Mathematical methods are developed to characterize the asymptotics of recurrent neural networks (RNN) as the number of hidden units, data samples in the sequence, hidden state updates, and training steps simultaneously grow to infinity. In the case of an RNN with a simplified weight matrix, we prove the convergence of the RNN to the solution of an infinite-dimensional ODE coupled with the fixed point of a random algebraic equation. The analysis requires addressing several challenges which are unique to RNNs. In typical mean-field applications (e.g., feedforward neural networks), discrete updates are of magnitude $\mathcal{O}(1/N)$ and the number of updates is $\mathcal{O}(N)$. Therefore, the system can be represented as an Euler approximation of an appropriate ODE/PDE, which it will converge to as $N \rightarrow \infty$. However, the RNN hidden layer updates are $\mathcal{O}(1)$. Therefore, RNNs cannot be represented as a discretization of an ODE/PDE and standard mean-field techniques cannot be applied. Instead, we develop a fixed point analysis for the evolution of the RNN memory states, with convergence estimates in terms of the number of update steps and the number of hidden units. The RNN hidden layer is studied as a function in a Sobolev space, whose evolution is governed by the data sequence (a Markov chain), the parameter updates, and its dependence on the RNN hidden layer at the previous time step. Due to the strong correlation between updates, a Poisson equation must be used to bound the fluctuations of the RNN around its limit equation. These mathematical methods give rise to the neural tangent kernel (NTK) limits for RNNs trained on data sequences as the number of data samples and size of the neural network grow to infinity.

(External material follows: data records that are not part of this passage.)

lemma ftrl_block_cross_term_eq_0:
  assumes "0 < C" "0 < \<beta>" "\<beta> < 1" "\<forall>i. 0 \<le> g$i" "\<forall>i. 0 \<le> L$i"
    and x_pos: "\<forall>i\<in>I. 0 < x$i"
    and z: "kkt_point C \<beta> g I L z"
    and y: "\<forall>i\<in>I. y$i = ftrl C \<beta> g I (\<Sum>i\<in>I. x$i) L $ i"
  shows "(\<Sum>i\<in>I. (gradphi C \<beta> g y i - gradphi C \<beta> g z i) * (x$i - y$i)) = 0"
proof (rule sum_mult_eq_0_if_const)
  define p where "p = ftrl C \<beta> g I (\<Sum>i\<in>I. x$i) L"
  note p = ftrl_block_kkt[OF assms(1-5) x_pos, folded p_def]
  have y_p: "gradphi C \<beta> g y i = gradphi C \<beta> g p i" if "i \<in> I" for i
    using y that unfolding p_def gradphi_def by simp
  show "gradphi C \<beta> g y i - gradphi C \<beta> g z i = gradphi C \<beta> g y j - gradphi C \<beta> g z j"
    if ij: "i \<in> I" "j \<in> I" for i j
    using kkt_pointD[OF p(2) ij] kkt_pointD[OF z ij] y_p[OF ij(1)] y_p[OF ij(2)] by linarith
  show "(\<Sum>i\<in>I. x$i - y$i) = 0"
    using p(1) y unfolding restr_simplex_def p_def by (simp add: sum_subtractf)
qed

lemma ftrl_partition_cross_term_eq_0:
  assumes reg: "0 < C" "0 < \<beta>" "\<beta> < 1" "\<forall>i. 0 \<le> g$i" "\<forall>i. 0 \<le> L$i"
    and x_pos: "\<forall>i. 0 < x$i" and z: "kkt_point C \<beta> g UNIV L z"
    and UV: "U \<union> V = UNIV" "U \<inter> V = {}"
  defines "y \<equiv> ftrl C \<beta> g U (\<Sum>i\<in>U. x$i) L + ftrl C \<beta> g V (\<Sum>i\<in>V. x$i) L"
  shows "(\<Sum>i\<in>UNIV. (gradphi C \<beta> g y i - gradphi C \<beta> g z i) * (x$i - y$i)) = 0"
proof -
  have x_pos_on: "\<forall>i\<in>I. 0 < x$i" for I using x_pos by simp
  have z_on: "kkt_point C \<beta> g I L z" for I using kkt_point_subset[OF z] by simp
  have vanishes: "ftrl C \<beta> g I (\<Sum>i\<in>I. x$i) L $ i = 0" if "i \<notin> I" for I i
    using ftrl_block_kkt(1)[OF reg x_pos_on] that unfolding restr_simplex_def by simp
  note block = ftrl_block_cross_term_eq_0[OF reg x_pos_on z_on]
  have "(\<Sum>i\<in>U. (gradphi C \<beta> g y i - gradphi C \<beta> g z i) * (x$i - y$i)) = 0"
    using vanishes UV(2) unfolding y_def by (intro block) auto
  moreover have "(\<Sum>i\<in>V. (gradphi C \<beta> g y i - gradphi C \<beta> g z i) * (x$i - y$i)) = 0"
    using vanishes UV(2) unfolding y_def by (intro block) auto
  ultimately show ?thesis
    unfolding UV(1)[symmetric] sum.union_disjoint[OF finite finite UV(2)] by simp
qed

翻译：本文发展了数学方法来刻画循环神经网络（RNN）在隐藏单元数、序列数据样本数、隐藏状态更新次数以及训练步数同时趋于无穷时的渐近行为。针对具有简化权重矩阵的RNN，我们证明了RNN收敛于一个无限维常微分方程的解与一个随机代数方程不动点的耦合。该分析需要解决几个RNN特有的挑战。在典型的平均场应用中（如前馈神经网络），离散更新的量级为$\mathcal{O}(1/N)$，更新次数为$\mathcal{O}(N)$。因此，系统可以表示为某个适当ODE/PDE的欧拉近似，并随着$N \rightarrow \infty$收敛于该方程。然而，RNN隐藏层的更新是$\mathcal{O}(1)$量级的。因此，RNN不能表示为ODE/PDE的离散化，标准平均场技术无法直接应用。为此，我们针对RNN记忆状态的演化发展了一种不动点分析，其收敛估计以更新步数和隐藏单元数为参数。RNN隐藏层被研究为索伯列夫空间中的一个函数，其演化由数据序列（一个马尔可夫链）、参数更新以及其对前一时刻RNN隐藏层的依赖性所支配。由于更新之间存在强相关性，必须使用泊松方程来约束RNN围绕其极限方程的涨落。这些数学方法导出了在数据样本数和神经网络规模趋于无穷时，在数据序列上训练的RNN的神经正切核（NTK）极限。